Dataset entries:
======

(* Let $T_{init}$ be the number of nodes of the initial tree. The expected optimization time of SMO-GP-single and of SMO-GP-multi on MO-ORDER is $O(n\,T_{init}+n^2\log n)$.
   Context: Fix an integer $n\ge 1$; the terminal set is $T=\{x_1,\bar x_1,\dots,x_n,\bar x_n\}$ ($\bar x_i$ the complement of $x_i$). A syntax tree is either the empty tree or a rooted ordered binary tree whose inner nodes are all labelled by the binary function $J$ (join, exactly two ordered children) and whose leaves are labelled by elements of $T$. The complexity $C(X)$ is the number of nodes of $X$ (0 for the empty tree). The leaf list $l$ of $X$ is the sequence of leaf labels in inorder. ORDER: build a list $S$ by scanning $l$ front to rear and appending a literal only if neither it nor its complement is already in $S$; ORDER$(X)$ is the number of positive literals $x_i$ in $S$. MO-ORDER$(X)=(\mathrm{ORDER}(X),C(X))$, ORDER maximized, $C$ minimized. Mutation (HVL-Prime applied $k$ times): each application chooses uniformly at random one of three operations. Substitute: replace a uniformly random leaf by a uniformly random $u\in T$. Insert: choose a uniformly random node $v$ and uniformly random $u\in T$, replace $v$ by a $J$-node with children $u$ and $v$ in uniformly random order (inserting into the empty tree yields the single leaf $u$). Delete: choose a uniformly random leaf $v$ with parent $p$ and sibling $u$, replace $p$ by $u$ (deleting $p$ and $v$; deleting the only leaf of a one-leaf tree yields the empty tree). For single-operation mutation $k=1$; for multi-operation mutation $k=1+\mathrm{Pois}(1)$ with $\mathrm{Pois}(1)$ Poisson with mean 1. Dominance for MO-$F$: $Y\succeq X$ iff $F(Y)\ge F(X)$ and $C(Y)\le C(X)$; $Y\succ X$ iff $Y\succeq X$ and ($F(Y)>F(X)$ or $C(Y)<C(X)$). A tree is Pareto optimal if no tree dominates it; the Pareto front is the set of objective vectors of Pareto optimal trees. SMO-GP: choose an initial tree $X$ and set $P:=\{X\}$; repeat: choose $X\in P$ uniformly at random, let $Y$ be a mutated copy of $X$; if no $Z\in P$ satisfies $Z\succ Y$, set $P:=(P\setminus\{Z\in P: Y\succeq Z\})\cup\{Y\}$. SMO-GP-single uses single-operation, SMO-GP-multi multi-operation mutation. Expected optimization time: expected number of iterations until the population contains, for every objective vector in the Pareto front, a tree with that objective vector. *)

theory Defs
  imports "HOL-Probability.Probability"
begin

datatype lit = Pos nat | Neg nat

fun compl :: "lit \<Rightarrow> lit" where
  "compl (Pos i) = Neg i" | "compl (Neg i) = Pos i"

text \<open>Non-empty trees: leaves labelled by literals, inner nodes are J (join).
  A syntax tree is an option: None is the empty tree.\<close>
datatype bt = Lf lit | J bt bt

type_synonym stree = "bt option"

definition lits :: "nat \<Rightarrow> lit set" where
  "lits n = Pos ` {1..n} \<union> Neg ` {1..n}"

fun size_bt :: "bt \<Rightarrow> nat" where
  "size_bt (Lf a) = 1" | "size_bt (J l r) = Suc (size_bt l + size_bt r)"

fun nleaves :: "bt \<Rightarrow> nat" where
  "nleaves (Lf a) = 1" | "nleaves (J l r) = nleaves l + nleaves r"

fun leaf_list :: "bt \<Rightarrow> lit list" where
  "leaf_list (Lf a) = [a]" | "leaf_list (J l r) = leaf_list l @ leaf_list r"

definition cplx :: "stree \<Rightarrow> nat" where
  "cplx X = (case X of None \<Rightarrow> 0 | Some t \<Rightarrow> size_bt t)"

definition leaves :: "stree \<Rightarrow> lit list" where
  "leaves X = (case X of None \<Rightarrow> [] | Some t \<Rightarrow> leaf_list t)"

definition valid :: "nat \<Rightarrow> stree \<Rightarrow> bool" where
  "valid n X \<longleftrightarrow> set (leaves X) \<subseteq> lits n"

definition order_step :: "lit list \<Rightarrow> lit \<Rightarrow> lit list" where
  "order_step S x = (if x \<in> set S \<or> compl x \<in> set S then S else S @ [x])"

definition order_S :: "lit list \<Rightarrow> lit list" where
  "order_S l = foldl order_step [] l"

definition ORDER :: "stree \<Rightarrow> nat" where
  "ORDER X = length (filter (\<lambda>x. \<exists>i. x = Pos i) (order_S (leaves X)))"

definition wdom :: "stree \<Rightarrow> stree \<Rightarrow> bool" where
  "wdom Y X \<longleftrightarrow> ORDER Y \<ge> ORDER X \<and> cplx Y \<le> cplx X"

definition sdom :: "stree \<Rightarrow> stree \<Rightarrow> bool" where
  "sdom Y X \<longleftrightarrow> wdom Y X \<and> (ORDER Y > ORDER X \<or> cplx Y < cplx X)"

definition pareto_optimal :: "nat \<Rightarrow> stree \<Rightarrow> bool" where
  "pareto_optimal n X \<longleftrightarrow> valid n X \<and> \<not> (\<exists>Y. valid n Y \<and> sdom Y X)"

definition pareto_front :: "nat \<Rightarrow> (nat \<times> nat) set" where
  "pareto_front n = {(ORDER X, cplx X) | X. pareto_optimal n X}"

text \<open>Replace the i-th leaf (inorder, 0-based) by literal u.\<close>
fun subst_leaf :: "nat \<Rightarrow> lit \<Rightarrow> bt \<Rightarrow> bt" where
  "subst_leaf i u (Lf a) = Lf u"
| "subst_leaf i u (J l r) =
     (if i < nleaves l then J (subst_leaf i u l) r
      else J l (subst_leaf (i - nleaves l) u r))"

text \<open>Replace the i-th node (preorder, 0-based) v by f v.\<close>
fun ins_at :: "(bt \<Rightarrow> bt) \<Rightarrow> nat \<Rightarrow> bt \<Rightarrow> bt" where
  "ins_at f i (Lf a) = f (Lf a)"
| "ins_at f i (J l r) =
     (if i = 0 then f (J l r)
      else if i \<le> size_bt l then J (ins_at f (i - 1) l) r
      else J l (ins_at f (i - 1 - size_bt l) r))"

fun del_leaf :: "nat \<Rightarrow> bt \<Rightarrow> stree" where
  "del_leaf i (Lf a) = None"
| "del_leaf i (J l r) =
     (if i < nleaves l then
        (case del_leaf i l of None \<Rightarrow> Some r | Some l' \<Rightarrow> Some (J l' r))
      else
        (case del_leaf (i - nleaves l) r of None \<Rightarrow> Some l | Some r' \<Rightarrow> Some (J l r')))"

======

### Task
Please output the records once more, exactly as they were written.

### Written answer
(* Let $T_{init}$ be the number of nodes of the initial tree. The expected optimization time of SMO-GP-single and of SMO-GP-multi on MO-ORDER is $O(n\,T_{init}+n^2\log n)$.
   Context: Fix an integer $n\ge 1$; the terminal set is $T=\{x_1,\bar x_1,\dots,x_n,\bar x_n\}$ ($\bar x_i$ the complement of $x_i$). A syntax tree is either the empty tree or a rooted ordered binary tree whose inner nodes are all labelled by the binary function $J$ (join, exactly two ordered children) and whose leaves are labelled by elements of $T$. The complexity $C(X)$ is the number of nodes of $X$ (0 for the empty tree). The leaf list $l$ of $X$ is the sequence of leaf labels in inorder. ORDER: build a list $S$ by scanning $l$ front to rear and appending a literal only if neither it nor its complement is already in $S$; ORDER$(X)$ is the number of positive literals $x_i$ in $S$. MO-ORDER$(X)=(\mathrm{ORDER}(X),C(X))$, ORDER maximized, $C$ minimized. Mutation (HVL-Prime applied $k$ times): each application chooses uniformly at random one of three operations. Substitute: replace a uniformly random leaf by a uniformly random $u\in T$. Insert: choose a uniformly random node $v$ and uniformly random $u\in T$, replace $v$ by a $J$-node with children $u$ and $v$ in uniformly random order (inserting into the empty tree yields the single leaf $u$). Delete: choose a uniformly random leaf $v$ with parent $p$ and sibling $u$, replace $p$ by $u$ (deleting $p$ and $v$; deleting the only leaf of a one-leaf tree yields the empty tree). For single-operation mutation $k=1$; for multi-operation mutation $k=1+\mathrm{Pois}(1)$ with $\mathrm{Pois}(1)$ Poisson with mean 1. Dominance for MO-$F$: $Y\succeq X$ iff $F(Y)\ge F(X)$ and $C(Y)\le C(X)$; $Y\succ X$ iff $Y\succeq X$ and ($F(Y)>F(X)$ or $C(Y)<C(X)$). A tree is Pareto optimal if no tree dominates it; the Pareto front is the set of objective vectors of Pareto optimal trees. SMO-GP: choose an initial tree $X$ and set $P:=\{X\}$; repeat: choose $X\in P$ uniformly at random, let $Y$ be a mutated copy of $X$; if no $Z\in P$ satisfies $Z\succ Y$, set $P:=(P\setminus\{Z\in P: Y\succeq Z\})\cup\{Y\}$. SMO-GP-single uses single-operation, SMO-GP-multi multi-operation mutation. Expected optimization time: expected number of iterations until the population contains, for every objective vector in the Pareto front, a tree with that objective vector. *)

theory Defs
  imports "HOL-Probability.Probability"
begin

datatype lit = Pos nat | Neg nat

fun compl :: "lit \<Rightarrow> lit" where
  "compl (Pos i) = Neg i" | "compl (Neg i) = Pos i"

text \<open>Non-empty trees: leaves labelled by literals, inner nodes are J (join).
  A syntax tree is an option: None is the empty tree.\<close>
datatype bt = Lf lit | J bt bt

type_synonym stree = "bt option"

definition lits :: "nat \<Rightarrow> lit set" where
  "lits n = Pos ` {1..n} \<union> Neg ` {1..n}"

fun size_bt :: "bt \<Rightarrow> nat" where
  "size_bt (Lf a) = 1" | "size_bt (J l r) = Suc (size_bt l + size_bt r)"

fun nleaves :: "bt \<Rightarrow> nat" where
  "nleaves (Lf a) = 1" | "nleaves (J l r) = nleaves l + nleaves r"

fun leaf_list :: "bt \<Rightarrow> lit list" where
  "leaf_list (Lf a) = [a]" | "leaf_list (J l r) = leaf_list l @ leaf_list r"

definition cplx :: "stree \<Rightarrow> nat" where
  "cplx X = (case X of None \<Rightarrow> 0 | Some t \<Rightarrow> size_bt t)"

definition leaves :: "stree \<Rightarrow> lit list" where
  "leaves X = (case X of None \<Rightarrow> [] | Some t \<Rightarrow> leaf_list t)"

definition valid :: "nat \<Rightarrow> stree \<Rightarrow> bool" where
  "valid n X \<longleftrightarrow> set (leaves X) \<subseteq> lits n"

definition order_step :: "lit list \<Rightarrow> lit \<Rightarrow> lit list" where
  "order_step S x = (if x \<in> set S \<or> compl x \<in> set S then S else S @ [x])"

definition order_S :: "lit list \<Rightarrow> lit list" where
  "order_S l = foldl order_step [] l"

definition ORDER :: "stree \<Rightarrow> nat" where
  "ORDER X = length (filter (\<lambda>x. \<exists>i. x = Pos i) (order_S (leaves X)))"

definition wdom :: "stree \<Rightarrow> stree \<Rightarrow> bool" where
  "wdom Y X \<longleftrightarrow> ORDER Y \<ge> ORDER X \<and> cplx Y \<le> cplx X"

definition sdom :: "stree \<Rightarrow> stree \<Rightarrow> bool" where
  "sdom Y X \<longleftrightarrow> wdom Y X \<and> (ORDER Y > ORDER X \<or> cplx Y < cplx X)"

definition pareto_optimal :: "nat \<Rightarrow> stree \<Rightarrow> bool" where
  "pareto_optimal n X \<longleftrightarrow> valid n X \<and> \<not> (\<exists>Y. valid n Y \<and> sdom Y X)"

definition pareto_front :: "nat \<Rightarrow> (nat \<times> nat) set" where
  "pareto_front n = {(ORDER X, cplx X) | X. pareto_optimal n X}"

text \<open>Replace the i-th leaf (inorder, 0-based) by literal u.\<close>
fun subst_leaf :: "nat \<Rightarrow> lit \<Rightarrow> bt \<Rightarrow> bt" where
  "subst_leaf i u (Lf a) = Lf u"
| "subst_leaf i u (J l r) =
     (if i < nleaves l then J (subst_leaf i u l) r
      else J l (subst_leaf (i - nleaves l) u r))"

text \<open>Replace the i-th node (preorder, 0-based) v by f v.\<close>
fun ins_at :: "(bt \<Rightarrow> bt) \<Rightarrow> nat \<Rightarrow> bt \<Rightarrow> bt" where
  "ins_at f i (Lf a) = f (Lf a)"
| "ins_at f i (J l r) =
     (if i = 0 then f (J l r)
      else if i \<le> size_bt l then J (ins_at f (i - 1) l) r
      else J l (ins_at f (i - 1 - size_bt l) r))"

fun del_leaf :: "nat \<Rightarrow> bt \<Rightarrow> stree" where
  "del_leaf i (Lf a) = None"
| "del_leaf i (J l r) =
     (if i < nleaves l then
        (case del_leaf i l of None \<Rightarrow> Some r | Some l' \<Rightarrow> Some (J l' r))
      else
        (case del_leaf (i - nleaves l) r of None \<Rightarrow> Some l | Some r' \<Rightarrow> Some (J l r')))"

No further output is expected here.